* What to work on:
From the first line to the last, return the data exactly as written.

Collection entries
*** Block opens ***

text \<open>Since \<open>x + y\<close> is nilpotent and \<open>(x + y)\<^sup>2 \<equiv> x y + y x\<close> modulo \<open>N\<close> with orthogonal summands,
  \<open>(x y)\<^sup>k + (y x)\<^sup>k \<in> N\<close>; multiplying by \<open>x\<close> on the left kills the first summand.\<close>
lemma power_mult_in_N_if_squares_in_N:
  assumes x: "x \<in> R True" and y: "y \<in> R True" and xx: "x * x \<in> N" and yy: "y * y \<in> N"
  shows "\<exists>m. (x * y) ^ m \<in> N"
proof -
  obtain n where n: "(x + y) ^ n = 0" using odd_nilpotent[OF R_add[OF x y]] by blast
  define k where "k = Suc n"
  have "2 * k = n + (2 * k - n)" unfolding k_def by simp
  then have "(x + y) ^ (2 * k) = (x + y) ^ n * (x + y) ^ (2 * k - n)"
    by (metis power_add)
  then have zero: "((x + y) ^ 2) ^ k = 0" using n by (simp add: power_mult)
  have "(x + y) ^ 2 - (x * y + y * x) = x * x + y * y"
    by (simp add: algebra_simps power2_eq_square)
  then have "(x + y) ^ 2 - (x * y + y * x) \<in> N" using xx yy N_add by simp
  then have A: "((x + y) ^ 2) ^ k - (x * y + y * x) ^ k \<in> N" by (rule power_diff_in_N)
  have "(x * y) * (y * x) \<in> N" "(y * x) * (x * y) \<in> N"
    using N_mult_left[OF N_mult_right[OF yy]] N_mult_left[OF N_mult_right[OF xx]]
    by (simp_all add: mult.assoc)
  then have B: "(x * y + y * x) ^ k - ((x * y) ^ k + (y * x) ^ k) \<in> N"
    unfolding k_def by (rule power_add_in_N_if_orthogonal)
  have "- ((x * y) ^ k + (y * x) ^ k) \<in> N" using N_add[OF A B] zero by simp
  from N_minus[OF this] have "(x * y) ^ k + (y * x) ^ k \<in> N" by (simp add: add.commute)
  then have "x * (x * y) ^ k + x * (y * x) ^ k \<in> N"
    using N_mult_left by (fastforce simp: distrib_left)
  moreover have "x * (x * y) ^ k \<in> N" unfolding k_def using N_mult_right[OF xx]
    by (simp add: mult.assoc)
  ultimately have "x * (y * x) ^ k \<in> N" using N_diff by fastforce
  then have "(x * y) ^ k * x * y \<in> N" using N_mult_right by (simp add: power_mult_commute)
  then have "(x * y) ^ Suc k \<in> N" by (simp only: power_Suc2 mult.assoc)
  then show ?thesis by blast
qed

*** Block closes ***

* Answer below:
text \<open>Since \<open>x + y\<close> is nilpotent and \<open>(x + y)\<^sup>2 \<equiv> x y + y x\<close> modulo \<open>N\<close> with orthogonal summands,
  \<open>(x y)\<^sup>k + (y x)\<^sup>k \<in> N\<close>; multiplying by \<open>x\<close> on the left kills the first summand.\<close>
lemma power_mult_in_N_if_squares_in_N:
  assumes x: "x \<in> R True" and y: "y \<in> R True" and xx: "x * x \<in> N" and yy: "y * y \<in> N"
  shows "\<exists>m. (x * y) ^ m \<in> N"
proof -
  obtain n where n: "(x + y) ^ n = 0" using odd_nilpotent[OF R_add[OF x y]] by blast
  define k where "k = Suc n"
  have "2 * k = n + (2 * k - n)" unfolding k_def by simp
  then have "(x + y) ^ (2 * k) = (x + y) ^ n * (x + y) ^ (2 * k - n)"
    by (metis power_add)
  then have zero: "((x + y) ^ 2) ^ k = 0" using n by (simp add: power_mult)
  have "(x + y) ^ 2 - (x * y + y * x) = x * x + y * y"
    by (simp add: algebra_simps power2_eq_square)
  then have "(x + y) ^ 2 - (x * y + y * x) \<in> N" using xx yy N_add by simp
  then have A: "((x + y) ^ 2) ^ k - (x * y + y * x) ^ k \<in> N" by (rule power_diff_in_N)
  have "(x * y) * (y * x) \<in> N" "(y * x) * (x * y) \<in> N"
    using N_mult_left[OF N_mult_right[OF yy]] N_mult_left[OF N_mult_right[OF xx]]
    by (simp_all add: mult.assoc)
  then have B: "(x * y + y * x) ^ k - ((x * y) ^ k + (y * x) ^ k) \<in> N"
    unfolding k_def by (rule power_add_in_N_if_orthogonal)
  have "- ((x * y) ^ k + (y * x) ^ k) \<in> N" using N_add[OF A B] zero by simp
  from N_minus[OF this] have "(x * y) ^ k + (y * x) ^ k \<in> N" by (simp add: add.commute)
  then have "x * (x * y) ^ k + x * (y * x) ^ k \<in> N"
    using N_mult_left by (fastforce simp: distrib_left)
  moreover have "x * (x * y) ^ k \<in> N" unfolding k_def using N_mult_right[OF xx]
    by (simp add: mult.assoc)
  ultimately have "x * (y * x) ^ k \<in> N" using N_diff by fastforce
  then have "(x * y) ^ k * x * y \<in> N" using N_mult_right by (simp add: power_mult_commute)
  then have "(x * y) ^ Suc k \<in> N" by (simp only: power_Suc2 mult.assoc)
  then show ?thesis by blast
qed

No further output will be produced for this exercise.